___ Given data ___

(* Assume the setting described in the context. Then: (i) there is an absolute constant $c>0$ such that $\lambda(E_q')\ge c\,\lambda(E_q)$ for all $q\ge1$, where $E_q=\{\boldsymbol\alpha\in[0,1]^2:\|q\boldsymbol\alpha-\boldsymbol\gamma\|<\psi(q)\}$; (ii) for every ball $B\subseteq[0,1)^2$ (of positive radius), $$\lim_{\substack{q\to\infty\\ q\in\operatorname{supp}(\psi)}}\frac{\lambda(B\cap E_q')}{\lambda(B)\lambda(E_q')}=1.$$
   Context: Notation: $|\cdot|$ is the maximum norm on $\mathbb{R}^2$; $\|\mathbf x\|$ is the max-norm distance from $\mathbf x\in\mathbb{R}^2$ to $\mathbb{Z}^2$; $\lambda$ is Lebesgue measure on $\mathbb{R}^2$; for an integer vector $\mathbf x=(x_1,x_2)$ and integer $n$, $\gcd(\mathbf x,n)=\gcd(x_1,x_2,n)$; $\operatorname{supp}(\psi)=\{q:\psi(q)>0\}$. Shift reduction: Fix $\boldsymbol\gamma\in\mathbb{R}^2\setminus\mathbb{Q}^2$ and $\sigma\in(0,1)$. For $k\ge0$ let $B_k\ge1$ be the smallest integer for which there exists $\mathbf A_k\in\mathbb{Z}^2$ with $|\boldsymbol\gamma-\mathbf A_k/B_k|<2^{-k}$, and fix such an $\mathbf A_k$. When $B_k\ge2$, let $1\le b_k<B_k$ be minimal such that there exists $\mathbf a_k\in\mathbb{Z}^2$ with $|\boldsymbol\gamma-\mathbf a_k/b_k|\le1/(b_kB_k^{1/2})$, and fix such an $\mathbf a_k$. Let $K_0$ be such that $B_k\ge2$ for all $k\ge K_0$. Let $\psi:\mathbb{N}\to[0,1/2]$ satisfy $\psi(q)<2^{-K_0+1}$ for all $q$. For $q$ with $\psi(q)>0$, let $k$ be the integer with $2^{-k}<\psi(q)\le2^{-k+1}$ and set $$S_q=\begin{cases}\{\mathbf u\in(\mathbb{Z}/q\mathbb{Z})^2:\gcd(B_k\mathbf u+\mathbf A_k,B_kq)=1\}&\text{if }B_k\le 2^{\sigma k},\\ \{\mathbf u\in(\mathbb{Z}/q\mathbb{Z})^2:\gcd(b_k\mathbf u+\mathbf a_k,b_kq)=1\}&\text{if }B_k>2^{\sigma k},\end{cases}$$ $$E_q'=\{\boldsymbol\alpha\in[0,1]^2:|q\boldsymbol\alpha-\mathbf u-\boldsymbol\gamma|<\psi(q)\text{ for some }\mathbf u\in\mathbb{Z}^2\text{ with class mod }q\text{ in }S_q\};$$ if $\psi(q)=0$, $E_q'=\emptyset$. *)

theory Defs
  imports "HOL-Analysis.Analysis"
begin

definition maxnorm :: "real \<times> real \<Rightarrow> real" where
  "maxnorm x = max \<bar>fst x\<bar> \<bar>snd x\<bar>"

definition distZ2 :: "real \<times> real \<Rightarrow> real" where
  "distZ2 x = Inf {maxnorm (x - (real_of_int m1, real_of_int m2)) | m1 m2. True}"

definition approx :: "real \<times> real \<Rightarrow> int \<times> int \<Rightarrow> nat \<Rightarrow> real" where
  "approx \<gamma> A B = maxnorm (\<gamma> - (real_of_int (fst A) / real B, real_of_int (snd A) / real B))"

definition BB :: "real \<times> real \<Rightarrow> nat \<Rightarrow> nat" where
  "BB \<gamma> k = (LEAST B::nat. 1 \<le> B \<and> (\<exists>A. approx \<gamma> A B < 1 / 2 ^ k))"

definition bb :: "real \<times> real \<Rightarrow> nat \<Rightarrow> nat" where
  "bb \<gamma> k = (LEAST b::nat. 1 \<le> b \<and> b < BB \<gamma> k \<and>
      (\<exists>a. approx \<gamma> a b \<le> 1 / (real b * sqrt (real (BB \<gamma> k)))))"

definition kk :: "(nat \<Rightarrow> real) \<Rightarrow> nat \<Rightarrow> nat" where
  "kk \<psi> q = (THE k::nat. 1 / 2 ^ k < \<psi> q \<and> \<psi> q \<le> 2 / 2 ^ k)"

definition gcd3 :: "int \<times> int \<Rightarrow> int \<Rightarrow> int" where
  "gcd3 x n = gcd (gcd (fst x) (snd x)) n"

text \<open>S_q, with residue classes mod q represented by pairs in {0..<q}^2.\<close>
definition Sq :: "real \<times> real \<Rightarrow> real \<Rightarrow> (nat \<Rightarrow> int \<times> int) \<Rightarrow> (nat \<Rightarrow> int \<times> int)
                   \<Rightarrow> (nat \<Rightarrow> real) \<Rightarrow> nat \<Rightarrow> (int \<times> int) set" where
  "Sq \<gamma> \<sigma> A a \<psi> q = (let k = kk \<psi> q in
     if real (BB \<gamma> k) \<le> 2 powr (\<sigma> * real k)
     then {u \<in> {0..<int q} \<times> {0..<int q}.
             gcd3 (int (BB \<gamma> k) * fst u + fst (A k), int (BB \<gamma> k) * snd u + snd (A k))
                  (int (BB \<gamma> k) * int q) = 1}
     else {u \<in> {0..<int q} \<times> {0..<int q}.
             gcd3 (int (bb \<gamma> k) * fst u + fst (a k), int (bb \<gamma> k) * snd u + snd (a k))
                  (int (bb \<gamma> k) * int q) = 1})"

definition Eq' :: "real \<times> real \<Rightarrow> real \<Rightarrow> (nat \<Rightarrow> int \<times> int) \<Rightarrow> (nat \<Rightarrow> int \<times> int)
                   \<Rightarrow> (nat \<Rightarrow> real) \<Rightarrow> nat \<Rightarrow> (real \<times> real) set" where
  "Eq' \<gamma> \<sigma> A a \<psi> q = (if \<psi> q = 0 then {} else
     {\<alpha> \<in> {0..1} \<times> {0..1}. \<exists>u1 u2::int.
        (u1 mod int q, u2 mod int q) \<in> Sq \<gamma> \<sigma> A a \<psi> q \<and>
        maxnorm (real q *\<^sub>R \<alpha> - (real_of_int u1, real_of_int u2) - \<gamma>) < \<psi> q})"

definition Eq :: "real \<times> real \<Rightarrow> (nat \<Rightarrow> real) \<Rightarrow> nat \<Rightarrow> (real \<times> real) set" where
  "Eq \<gamma> \<psi> q = {\<alpha> \<in> {0..1} \<times> {0..1}. distZ2 (real q *\<^sub>R \<alpha> - \<gamma>) < \<psi> q}"

definition maxball :: "real \<times> real \<Rightarrow> real \<Rightarrow> (real \<times> real) set" where
  "maxball c r = {x. maxnorm (x - c) < r}"

text \<open>The standing setting of the shift reduction.  A k and a k are the fixed choices
  of A_k and a_k.\<close>
definition setting :: "real \<times> real \<Rightarrow> real \<Rightarrow> nat \<Rightarrow> (nat \<Rightarrow> real)
                        \<Rightarrow> (nat \<Rightarrow> int \<times> int) \<Rightarrow> (nat \<Rightarrow> int \<times> int) \<Rightarrow> bool" where
  "setting \<gamma> \<sigma> K0 \<psi> A a \<longleftrightarrow>
     \<not> (fst \<gamma> \<in> \<rat> \<and> snd \<gamma> \<in> \<rat>) \<and> 0 < \<sigma> \<and> \<sigma> < 1 \<and>
     (\<forall>k. approx \<gamma> (A k) (BB \<gamma> k) < 1 / 2 ^ k) \<and>
     (\<forall>k. 2 \<le> BB \<gamma> k \<longrightarrow>
          approx \<gamma> (a k) (bb \<gamma> k) \<le> 1 / (real (bb \<gamma> k) * sqrt (real (BB \<gamma> k)))) \<and>
     (\<forall>k\<ge>K0. 2 \<le> BB \<gamma> k) \<and>
     (\<forall>q\<ge>1. 0 \<le> \<psi> q \<and> \<psi> q \<le> 1/2 \<and> \<psi> q < 2 powr (1 - real K0))"

end

theory Submission
  imports Defs "HOL-Number_Theory.Number_Theory" "HOL-Real_Asymp.Real_Asymp"
begin

text \<open>
  E_q' is the part of [0,1]^2 covered by the disjoint boxes of side 2 psi(q)/q centred at the points
  (u + gamma)/q, where u runs over the lattice points whose residue class lies in S_q.  In both
  cases of its definition, S_q consists of the u with gcd(D u + C, D q) = 1 for some D and C having
  no common prime factor, so u is admissible iff for no prime p dividing q but not D both
  coordinates of D u + C are divisible by p.  Counting such u in a square of side L by sieving
  over these primes gives L^2 prod (1 - 1/p^2) + O(3^omega(q) L) with 3^omega(q) = O(sqrt q), so
  the number of boxes meeting any fixed square of side s is proportional to its area (q s)^2 up to
  a relative error O(q^(-1/2)); this gives the limit (ii).  For (i), which must hold for every q,
  a union bound shows that at least a quarter of the lattice points of any q x q square are
  admissible.
\<close>

section \<open>Boxes around the points (Z^2 + \<gamma>)/q\<close>

definition near_box :: "real \<times> real \<Rightarrow> nat \<Rightarrow> real \<Rightarrow> int \<times> int \<Rightarrow> (real \<times> real) set" where
  "near_box \<gamma> q \<psi> u = {\<alpha>. maxnorm (real q *\<^sub>R \<alpha> - (real_of_int (fst u), real_of_int (snd u)) - \<gamma>) < \<psi>}"

definition near_set :: "real \<times> real \<Rightarrow> nat \<Rightarrow> real \<Rightarrow> (int \<times> int) set \<Rightarrow> (real \<times> real) set" where
  "near_set \<gamma> q \<psi> U = ({0..1} \<times> {0..1}) \<inter> (\<Union>u\<in>U. near_box \<gamma> q \<psi> u)"

definition int_rect :: "int \<Rightarrow> int \<Rightarrow> nat \<Rightarrow> nat \<Rightarrow> (int \<times> int) set" where
  "int_rect a1 a2 L1 L2 = {a1..<a1 + int L1} \<times> {a2..<a2 + int L2}"

lemma finite_int_rect [simp]: "finite (int_rect a1 a2 L1 L2)"
  by (simp add: int_rect_def)

lemma card_int_rect [simp]: "card (int_rect a1 a2 L1 L2) = L1 * L2"
  by (simp add: int_rect_def card_cartesian_product)

lemma mem_near_box:
  "\<alpha> \<in> near_box \<gamma> q \<psi> u \<longleftrightarrow>
     \<bar>q * fst \<alpha> - fst u - fst \<gamma>\<bar> < \<psi> \<and> \<bar>q * snd \<alpha> - snd u - snd \<gamma>\<bar> < \<psi>"
  by (cases \<alpha>) (simp add: near_box_def maxnorm_def)

lemma near_box_eq_box:
  assumes "q \<ge> 1"
  shows "near_box \<gamma> q \<psi> u =
    box ((of_int (fst u) + fst \<gamma> - \<psi>) / q, (of_int (snd u) + snd \<gamma> - \<psi>) / q)
        ((of_int (fst u) + fst \<gamma> + \<psi>) / q, (of_int (snd u) + snd \<gamma> + \<psi>) / q)"
  using assms unfolding set_eq_iff mem_near_box mem_box Basis_prod_def
  by (auto simp: field_simps abs_less_iff)

lemma measure_near_box:
  assumes "q \<ge> 1" "\<psi> \<ge> 0"
  shows "measure lborel (near_box \<gamma> q \<psi> u) = (2 * \<psi> / q)\<^sup>2"
  using assms unfolding near_box_eq_box[OF assms(1)] measure_lborel_box_eq
  by (auto simp: Basis_prod_def field_simps power2_eq_square)

lemma open_near_box: "q \<ge> 1 \<Longrightarrow> open (near_box \<gamma> q \<psi> u)"
  unfolding near_box_eq_box by (rule open_box)

lemma near_box_in_borel [simp]: "q \<ge> 1 \<Longrightarrow> near_box \<gamma> q \<psi> u \<in> sets borel"
  by (simp add: open_near_box)

lemma near_box_disjoint:
  assumes "\<psi> \<le> 1/2" "u \<noteq> v"
  shows "near_box \<gamma> q \<psi> u \<inter> near_box \<gamma> q \<psi> v = {}"
proof (rule ccontr)
  assume "\<not> ?thesis"
  then obtain \<alpha> where "\<alpha> \<in> near_box \<gamma> q \<psi> u" "\<alpha> \<in> near_box \<gamma> q \<psi> v" by auto
  then have "\<bar>real_of_int (fst u) - fst v\<bar> < 1" "\<bar>real_of_int (snd u) - snd v\<bar> < 1"
    using assms(1) unfolding mem_near_box by auto
  then have "fst u = fst v" "snd u = snd v" by linarith+
  with assms(2) show False by (simp add: prod_eq_iff)
qed

lemma near_set_in_sets: "q \<ge> 1 \<Longrightarrow> near_set \<gamma> q \<psi> U \<in> sets lborel"
  unfolding near_set_def
  by (intro sets.Int borel_open borel_closed open_UN ballI open_near_box) (auto simp: closed_Times)

lemma Int_near_set_fmeasurable:
  assumes "q \<ge> 1" "R \<in> sets lborel"
  shows "R \<inter> near_set \<gamma> q \<psi> U \<in> fmeasurable lborel"
proof (rule fmeasurableI2[of "cbox (0, 0) (1, 1)"])
  show "R \<inter> near_set \<gamma> q \<psi> U \<subseteq> cbox (0, 0) (1::real, 1::real)"
    by (auto simp: near_set_def cbox_Pair_eq)
qed (use assms near_set_in_sets in auto)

___

_Work request:_
Copy each line of the records containing the string "admissible".

_Answer for the task:_
  no common prime factor, so u is admissible iff for no prime p dividing q but not D both
  admissible.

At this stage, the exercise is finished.